监督学习是一种用于创建数据预测模型的机器学习技术。本文的重点是寻找具有不同训练数据大小、不同属性数量和用于预测的时间的高性能监督学习算法。本研究评估了七种算法,Boosting, Random Forest, Bagging,朴素贝叶斯,k -近邻(K-NN),决策树和支持向量机(SVM),这些算法是来自加州大学欧文分校(UCI)的七个数据集的标准基准,具有两个评估指标和各种训练数据大小和缺失关键属性的实验设置。我们的研究结果表明,Bagging、Random Forest和SVM是总体上最准确的三种算法。然而,当关注关键属性值的存在时,推荐使用K-NN,因为它对性能的影响最小。或者,当训练数据的大小可能不够大时,朴素贝叶斯是更可取的,因为它是对训练数据大小最不敏感的算法。基于预测性能和计算时间,用二维图对算法进行表征。这张图表旨在指导新手用户根据自己的需求选择合适的方法。根据这张图表,总的来说,Bagging和Random Forest是两种最推荐的算法,因为它们的性能和速度都很高。
本文章由计算机程序翻译,如有差异,请以英文原文为准。
查看原文
分享 分享
微信好友 朋友圈 QQ好友 复制链接
本刊更多论文
Performance evaluation of supervised learning algorithms with various training data sizes and missing attributes
Supervised learning is a machine learning technique used for creating a data prediction model. This article focuses on finding high performance supervised learning algorithms with varied training data sizes, varied number of attributes, and time spent on prediction. This studied evaluated seven algorithms, Boosting, Random Forest, Bagging, Naive Bayes, K-Nearest Neighbours (K-NN), Decision Tree, and Support Vector Machine (SVM), on seven data sets that are the standard benchmark from University of California, Irvine (UCI) with two evaluation metrics and experimental settings of various training data sizes and missing key attributes. Our findings reveal that Bagging, Random Forest, and SVM are overall the three most accurate algorithms. However, when presence of key attribute values is of concern, K-NN is recommended as its performance is affected the least. Alternatively, when training data sizes may be not large enough, Naive Bayes is preferable since it is the most insensitive algorithm to training data sizes. The algorithms are characterized on a two-dimension chart based on prediction performance and computation time.

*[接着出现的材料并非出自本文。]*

(* There is a family of $1$-dimensional Hegselmann–Krause systems with $n$ agents (for infinitely many $n$) and a fixed confidence bound $\varepsilon>0$, whose social networks have $|E|=\Theta(n^2)$ edges and whose initial states $S_0$ satisfy $\Phi(S_0)=\Theta(n^2\varepsilon^2)$, such that the expected potential drop in the first step under uniform random asynchronous updates is $\mathbb{E}[\Phi(S_0)-\Phi(S_1)]=\Theta(\varepsilon^2/n^3)$.
   Context: A $1$-dimensional Hegselmann–Krause system has a finite undirected graph $G=(V,E)$ (social network) with $n=|V|$ agents, a confidence bound $\varepsilon>0$, and positions $x_v(t)\in\mathbb{R}$. The influencing neighborhood is $N_v(t)=\{u:\{u,v\}\in E,\ |x_u(t)-x_v(t)|\le\varepsilon\}\cup\{v\}$. Uniform random asynchronous updates: at each step $t$ one agent $v$ is chosen uniformly at random and set to $x_v(t+1)=\frac{1}{|N_v(t)|}\sum_{u\in N_v(t)}x_u(t)$, others unchanged; $S_t$ denotes the state at time $t$. The potential of a state is $\Phi(S)=\sum_{\{u,v\}\in E}\min\{|x_u-x_v|^2,\varepsilon^2\}$. *)

theory Defs
  imports Complex_Main
begin

text \<open>Each undirected edge {u,v} appears as both (u,v) and (v,u).\<close>
definition hk_graph :: "nat \<Rightarrow> (nat \<times> nat) set \<Rightarrow> bool" where
  "hk_graph n E \<longleftrightarrow> E \<subseteq> {..<n} \<times> {..<n} \<and> sym E \<and> (\<forall>v. (v, v) \<notin> E)"

definition und_edges :: "(nat \<times> nat) set \<Rightarrow> (nat \<times> nat) set" where
  "und_edges E = {(u, v). (u, v) \<in> E \<and> u < v}"

definition num_edges :: "(nat \<times> nat) set \<Rightarrow> nat" where
  "num_edges E = card (und_edges E)"

definition hk_nbhd :: "(nat \<times> nat) set \<Rightarrow> real \<Rightarrow> (nat \<Rightarrow> real) \<Rightarrow> nat \<Rightarrow> nat set" where
  "hk_nbhd E eps x v = {u. (u, v) \<in> E \<and> \<bar>x u - x v\<bar> \<le> eps} \<union> {v}"

definition hk_update :: "(nat \<times> nat) set \<Rightarrow> real \<Rightarrow> (nat \<Rightarrow> real) \<Rightarrow> nat \<Rightarrow> (nat \<Rightarrow> real)" where
  "hk_update E eps x v =
     x(v := (\<Sum>u\<in>hk_nbhd E eps x v. x u) / real (card (hk_nbhd E eps x v)))"

definition hk_potential :: "(nat \<times> nat) set \<Rightarrow> real \<Rightarrow> (nat \<Rightarrow> real) \<Rightarrow> real" where
  "hk_potential E eps x = (\<Sum>(u, v)\<in>und_edges E. min ((x u - x v)^2) (eps^2))"

definition hk_expected_drop :: "nat \<Rightarrow> (nat \<times> nat) set \<Rightarrow> real \<Rightarrow> (nat \<Rightarrow> real) \<Rightarrow> real" where
  "hk_expected_drop n E eps x =
     (\<Sum>v<n. hk_potential E eps x - hk_potential E eps (hk_update E eps x v)) / real n"

end

theory Submission
  imports Defs
begin

text \<open>On the complete graph with \<open>\<epsilon> = 1\<close>, place agents 0 and 1 at distance \<open>1/n\<close> and
  spread all other agents so far apart that every other pair is out of confidence
  range. Every edge but one then contributes \<open>\<epsilon>\<^sup>2\<close>, so \<open>\<Phi>(S\<^sub>0) = \<Theta>(n\<^sup>2)\<close>; only agents
  0 and 1 can move, each halving the gap, which lowers \<open>\<Phi>\<close> by \<open>3/(4n\<^sup>2)\<close>. Averaging over
  the \<open>n\<close> choices of agent gives the expected drop \<open>3/(2n\<^sup>3)\<close>.\<close>

lemma hk_nbhd_eq_singleton:
  assumes "\<And>u. (u, v) \<in> E \<Longrightarrow> eps < \<bar>x u - x v\<bar>"
  shows "hk_nbhd E eps x v = {v}"
  using assms by (force simp: hk_nbhd_def)

lemma hk_update_eq_self:
  assumes "\<And>u. (u, v) \<in> E \<Longrightarrow> eps < \<bar>x u - x v\<bar>"
  shows "hk_update E eps x v = x"
  using hk_nbhd_eq_singleton[of v E eps x] assms by (simp add: hk_update_def)

lemma hk_potential_one_close_edge:
  assumes "finite E" and ab: "(a, b) \<in> und_edges E" and "\<bar>x a - x b\<bar> \<le> eps"
    and far: "\<And>u v. (u, v) \<in> und_edges E - {(a, b)} \<Longrightarrow> eps \<le> \<bar>x u - x v\<bar>"
  shows "hk_potential E eps x = (x a - x b)\<^sup>2 + eps\<^sup>2 * (real (num_edges E) - 1)"
proof -
  let ?g = "\<lambda>(u, v). min ((x u - x v)\<^sup>2) (eps\<^sup>2)"
  have fin: "finite (und_edges E)"
    using \<open>finite E\<close> by (rule rev_finite_subset) (auto simp: und_edges_def)
  have "0 \<le> eps"
    using assms(3) by linarith
  have "?g (a, b) = (x a - x b)\<^sup>2"
    using power_mono[OF assms(3) abs_ge_zero, of 2] by simp
  moreover have "?g (u, v) = eps\<^sup>2" if "(u, v) \<in> und_edges E - {(a, b)}" for u v
    using power_mono[OF far[OF that] \<open>0 \<le> eps\<close>, of 2] by simp
  then have "(\<Sum>e\<in>und_edges E - {(a, b)}. ?g e) = (\<Sum>e\<in>und_edges E - {(a, b)}. eps\<^sup>2)"
    by (intro sum.cong) auto
  ultimately have "hk_potential E eps x = (x a - x b)\<^sup>2 + (\<Sum>e\<in>und_edges E - {(a, b)}. eps\<^sup>2)"
    unfolding hk_potential_def using sum.remove[OF fin ab, of ?g] by simp
  also have "\<dots> = (x a - x b)\<^sup>2 + eps\<^sup>2 * (real (num_edges E) - 1)"
    using fin ab card_gt_0_iff[of "und_edges E"]
    by (auto simp: num_edges_def card_Diff_singleton of_nat_diff)
  finally show ?thesis .
qed

definition complete_graph :: "nat \<Rightarrow> (nat \<times> nat) set" where
  "complete_graph n = {(u, v). u < n \<and> v < n \<and> u \<noteq> v}"

lemma hk_graph_complete_graph: "hk_graph n (complete_graph n)"
  by (auto simp: hk_graph_def complete_graph_def sym_def)

lemma finite_complete_graph: "finite (complete_graph n)"
  by (rule finite_subset[of _ "{..<n} \<times> {..<n}"]) (auto simp: complete_graph_def)

lemma und_edges_complete_graph: "und_edges (complete_graph n) = {(u, v). u < v \<and> v < n}"
  by (auto simp: und_edges_def complete_graph_def)

lemma num_edges_complete_graph:
  "2 * real (num_edges (complete_graph n)) = real n * (real n - 1)"
proof -
  have "und_edges (complete_graph n) = prod.swap ` (SIGMA v:{..<n}. {..<v})"
    by (auto simp: und_edges_complete_graph)
  then have "num_edges (complete_graph n) = (\<Sum>v<n. v)"
    by (simp add: num_edges_def card_image)
  moreover have "2 * (\<Sum>v<n. real v) = real n * (real n - 1)"
    by (induction n) (simp_all add: algebra_simps)
  ultimately show ?thesis by simp
qed

definition pair_state :: "real \<Rightarrow> real \<Rightarrow> nat \<Rightarrow> real" where
  "pair_state a b v = (if v = 0 then a else if v = 1 then b else 2 * real v)"

lemma pair_state_far:
  assumes "a \<in> {0..1}" "b \<in> {0..1}" "u \<noteq> v" "2 \<le> max u v"
  shows "1 < \<bar>pair_state a b u - pair_state a b v\<bar>"
proof -
  have "u + 1 \<le> v \<or> v + 1 \<le> u"
    using \<open>u \<noteq> v\<close> by linarith
  then have "1 \<le> \<bar>real u - real v\<bar>"
    by (auto simp flip: of_nat_Suc)
  then show ?thesis
    using assms by (auto simp: pair_state_def)
qed

lemma pair_state_close:
  assumes "a \<in> {0..1}" "b \<in> {0..1}" "u \<le> 1" "v \<le> 1"
  shows "\<bar>pair_state a b u - pair_state a b v\<bar> \<le> 1"
proof -
  have "pair_state a b w \<in> {0..1}" if "w \<le> 1" for w
    using that assms(1,2) by (cases w) (auto simp: pair_state_def)
  from this[OF assms(3)] this[OF assms(4)] show ?thesis
    by auto
qed

lemma hk_nbhd_pair_state:
  assumes "a \<in> {0..1}" "b \<in> {0..1}" "2 \<le> n" "v \<le> 1"
  shows "hk_nbhd (complete_graph n) 1 (pair_state a b) v = {0, 1}"
proof -
  have mem: "u \<in> hk_nbhd (complete_graph n) 1 (pair_state a b) v \<longleftrightarrow> u \<le> 1" for u
  proof (cases "u \<le> 1")
    case True
    have "u = v \<or> (u, v) \<in> complete_graph n"
      using True assms(3,4) by (auto simp: complete_graph_def)
    then show ?thesis
      using True pair_state_close[OF assms(1,2) True assms(4)] by (auto simp: hk_nbhd_def)
  next
    case False
    then have "u \<noteq> v" "2 \<le> max u v"
      using assms(4) by auto
    then have "\<not> \<bar>pair_state a b u - pair_state a b v\<bar> \<le> 1"
      using pair_state_far[OF assms(1,2)] by (simp add: not_le)
    then show ?thesis
      using False \<open>u \<noteq> v\<close> by (simp add: hk_nbhd_def)
  qed
  show ?thesis
  proof (rule set_eqI)
    show "u \<in> hk_nbhd (complete_graph n) 1 (pair_state a b) v \<longleftrightarrow> u \<in> {0, 1}" for u
      using mem[of u] by auto
  qed
qed

lemma hk_update_pair_state_0:
  assumes "a \<in> {0..1}" "b \<in> {0..1}" "2 \<le> n"
  shows "hk_update (complete_graph n) 1 (pair_state a b) 0 = pair_state ((a + b) / 2) b"
  using hk_nbhd_pair_state[OF assms] by (auto simp: hk_update_def pair_state_def)

lemma hk_update_pair_state_1:
  assumes "a \<in> {0..1}" "b \<in> {0..1}" "2 \<le> n"
  shows "hk_update (complete_graph n) 1 (pair_state a b) 1 = pair_state a ((a + b) / 2)"
  using hk_nbhd_pair_state[OF assms] by (auto simp: hk_update_def pair_state_def)

lemma hk_update_pair_state_idle:
  assumes "a \<in> {0..1}" "b \<in> {0..1}" "2 \<le> v"
  shows "hk_update (complete_graph n) 1 (pair_state a b) v = pair_state a b"
  using assms by (intro hk_update_eq_self pair_state_far) (auto simp: complete_graph_def)

lemma hk_potential_pair_state:
  assumes "a \<in> {0..1}" "b \<in> {0..1}" "2 \<le> n"
  shows "hk_potential (complete_graph n) 1 (pair_state a b)
    = (a - b)\<^sup>2 + real (num_edges (complete_graph n)) - 1"
proof -
  have edge: "(0, 1) \<in> und_edges (complete_graph n)"
    using \<open>2 \<le> n\<close> by (simp add: und_edges_complete_graph)
  have close: "\<bar>pair_state a b 0 - pair_state a b 1\<bar> \<le> 1"
    using assms(1,2) by (auto simp: pair_state_def)
  have far: "1 \<le> \<bar>pair_state a b u - pair_state a b v\<bar>"
    if "(u, v) \<in> und_edges (complete_graph n) - {(0, 1)}" for u v
    using that assms
    by (intro less_imp_le[OF pair_state_far]) (auto simp: und_edges_complete_graph)
  show ?thesis
    using hk_potential_one_close_edge[OF finite_complete_graph edge close far]
    by (simp add: pair_state_def[of a b 0] pair_state_def[of a b "Suc 0"])
qed

lemma hk_expected_drop_pair_state:
  assumes "a \<in> {0..1}" "b \<in> {0..1}" "2 \<le> n"
  shows "hk_expected_drop n (complete_graph n) 1 (pair_state a b) = 3 * (a - b)\<^sup>2 / (2 * real n)"
proof -
  let ?\<Phi> = "hk_potential (complete_graph n) 1"
  let ?drop = "\<lambda>v. ?\<Phi> (pair_state a b) - ?\<Phi> (hk_update (complete_graph n) 1 (pair_state a b) v)"
  have mid: "(a + b) / 2 \<in> {0..1}"
    using assms(1,2) by auto
  have drop: "?drop v = (if v \<le> 1 then 3 / 4 * (a - b)\<^sup>2 else 0)" for v
  proof -
    consider "v = 0" | "v = 1" | "2 \<le> v" by linarith
    then show ?thesis
    proof cases
      case 1
      then show ?thesis
        using hk_potential_pair_state[OF assms] hk_potential_pair_state[OF mid assms(2,3)]
        by (simp add: hk_update_pair_state_0[OF assms] power2_eq_square field_simps)
    next
      case 2
      then have "hk_update (complete_graph n) 1 (pair_state a b) v = pair_state a ((a + b) / 2)"
        using hk_update_pair_state_1[OF assms] by simp
      then show ?thesis
        using 2 hk_potential_pair_state[OF assms] hk_potential_pair_state[OF assms(1) mid assms(3)]
        by (simp add: power2_eq_square field_simps)
    next
      case 3
      then show ?thesis
        by (simp add: hk_update_pair_state_idle[OF assms(1,2)])
    qed
  qed
  have "{..<n} \<inter> {v. v \<le> 1} = {0, 1}"
    using \<open>2 \<le> n\<close> by auto
  then have total: "(\<Sum>v<n. ?drop v) = 3 * (a - b)\<^sup>2 / 2"
    by (simp add: drop sum.If_cases)
  show ?thesis
    unfolding hk_expected_drop_def total by simp
qed

lemma num_edges_complete_graph_bounds:
  assumes "2 \<le> n"
  shows "1 / 4 * real n ^ 2 \<le> real (num_edges (complete_graph n))"
    and "real (num_edges (complete_graph n)) \<le> 1 / 2 * real n ^ 2"
proof -
  have "2 * real n \<le> real n * real n"
    using assms by simp
  then show "1 / 4 * real n ^ 2 \<le> real (num_edges (complete_graph n))"
    and "real (num_edges (complete_graph n)) \<le> 1 / 2 * real n ^ 2"
    using num_edges_complete_graph[of n] by (simp_all add: power2_eq_square algebra_simps)
qed

lemma hk_potential_initial_bounds:
  assumes "3 \<le> n"
  shows "1 / 8 * real n ^ 2 \<le> hk_potential (complete_graph n) 1 (pair_state 0 (1 / real n))"
    and "hk_potential (complete_graph n) 1 (pair_state 0 (1 / real n)) \<le> 1 / 2 * real n ^ 2"
proof -
  have "2 \<le> n" and "9 \<le> real n ^ 2"
    using assms power_mono[of 3 "real n" 2] by simp_all
  have "1 / real n \<in> {0..1}" and gap_sq: "(1 / real n)\<^sup>2 \<le> 1"
    using assms by (simp_all add: power_le_one)
  then have \<Phi>: "hk_potential (complete_graph n) 1 (pair_state 0 (1 / real n))
      = (1 / real n)\<^sup>2 + real (num_edges (complete_graph n)) - 1"
    using hk_potential_pair_state[of 0 "1 / real n" n] \<open>2 \<le> n\<close> by simp
  show "1 / 8 * real n ^ 2 \<le> hk_potential (complete_graph n) 1 (pair_state 0 (1 / real n))"
    unfolding \<Phi> using num_edges_complete_graph_bounds(1)[OF \<open>2 \<le> n\<close>] \<open>9 \<le> real n ^ 2\<close>
      zero_le_power2[of "1 / real n"] by linarith
  show "hk_potential (complete_graph n) 1 (pair_state 0 (1 / real n)) \<le> 1 / 2 * real n ^ 2"
    unfolding \<Phi> using num_edges_complete_graph_bounds(2)[OF \<open>2 \<le> n\<close>] gap_sq by linarith
qed

lemma hk_expected_drop_initial:
  assumes "2 \<le> n"
  shows "hk_expected_drop n (complete_graph n) 1 (pair_state 0 (1 / real n)) = 3 / 2 / real n ^ 3"
  using assms hk_expected_drop_pair_state[of 0 "1 / real n" n]
  by (simp add: power2_eq_square power3_eq_cube)

theorem theorem3:
  shows "\<exists>eps::real. eps > 0 \<and>
    (\<exists>(N::nat set) (G::nat \<Rightarrow> (nat \<times> nat) set) (X::nat \<Rightarrow> nat \<Rightarrow> real)
        (c1::real) C1 c2 C2 c3 C3.
       infinite N \<and> c1 > 0 \<and> C1 > 0 \<and> c2 > 0 \<and> C2 > 0 \<and> c3 > 0 \<and> C3 > 0 \<and>
       (\<forall>n\<in>N.
          hk_graph n (G n) \<and>
          c1 * real n ^ 2 \<le> real (num_edges (G n)) \<and>
          real (num_edges (G n)) \<le> C1 * real n ^ 2 \<and>
          c2 * real n ^ 2 * eps ^ 2 \<le> hk_potential (G n) eps (X n) \<and>
          hk_potential (G n) eps (X n) \<le> C2 * real n ^ 2 * eps ^ 2 \<and>
          c3 * eps ^ 2 / real n ^ 3 \<le> hk_expected_drop n (G n) eps (X n) \<and>
          hk_expected_drop n (G n) eps (X n) \<le> C3 * eps ^ 2 / real n ^ 3))"
  by (rule exI[of _ 1], rule conjI, simp,
      rule exI[of _ "{3..}"], rule exI[of _ complete_graph],
      rule exI[of _ "\<lambda>n. pair_state 0 (1 / real n)"],
      rule exI[of _ "1 / 4"], rule exI[of _ "1 / 2"], rule exI[of _ "1 / 8"],
      rule exI[of _ "1 / 2"], rule exI[of _ "3 / 2"], rule exI[of _ "3 / 2"],
      intro conjI ballI, simp_all only: power_one mult_1_right atLeast_iff)
    ((rule num_edges_complete_graph_bounds hk_potential_initial_bounds; simp)
      | simp add: infinite_Ici hk_graph_complete_graph hk_expected_drop_initial)+

end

This chart is expected to guide a novice user to choose an appropriate method for his/her demand. Based on this chart, in general, Bagging and Random Forest are the two most recommended algorithms because of their high performance and speed.
求助全文
通过发布文献求助,成功后即可免费获取论文全文。 去求助
来源期刊
Engineering and Applied Science Research
Engineering and Applied Science Research Engineering-Engineering (all)
CiteScore
2.10
自引率
0.00%
发文量
2
审稿时长
11 weeks
期刊介绍: Publication of the journal started in 1974. Its original name was “KKU Engineering Journal”. English and Thai manuscripts were accepted. The journal was originally aimed at publishing research that was conducted and implemented in the northeast of Thailand. It is regarded a national journal and has been indexed in the Thai-journal Citation Index (TCI) database since 2004. The journal now accepts only English language manuscripts and became open-access in 2015 to attract more international readers. It was renamed Engineering and Applied Science Research in 2017. The editorial team agreed to publish more international papers, therefore, the new journal title is more appropriate. The journal focuses on research in the field of engineering that not only presents highly original ideas and advanced technology, but also are practical applications of appropriate technology.
期刊最新文献
Logistic model for adherence to ministry of health protocols and guidelines by public transport vehicles in Kenya during covid-19 pandemic Disclosing fast moving consumer goods demand forecasting predictor using multi linear regression Evaluation of ground-based, daily, gridded precipitation products for Upper Benue River basin, Nigeria Corrosion behavior of ca6nm in simulated geothermal brine highlighted by electrochemical impedance spectroscopy (Eis) Exploring determinants of travel-mode choice during the covid-19 pandemic outbreak: A case study of Islamabad, Pakistan
×
引用
GB/T 7714-2015
复制
MLA
复制
APA
复制
导出至
BibTeX EndNote RefMan NoteFirst NoteExpress
×
×
提示
您的信息不完整,为了账户安全,请先补充。
现在去补充
×
提示
您因"违规操作"
具体请查看互助需知
我知道了
×
提示
现在去查看 取消
×
提示
确定
0
微信
客服QQ
Book学术公众号 扫码关注我们
反馈
×
意见反馈
请填写您的意见或建议
请填写您的手机或邮箱
已复制链接
已复制链接
快去分享给好友吧!
我知道了
×
扫码分享
扫码分享
Book学术官方微信
Book学术文献互助
Book学术文献互助群
群 号:481959085
Book学术
文献互助 智能选刊 最新文献 互助须知 联系我们:info@booksci.cn
Book学术提供免费学术资源搜索服务,方便国内外学者检索中英文文献。致力于提供最便捷和优质的服务体验。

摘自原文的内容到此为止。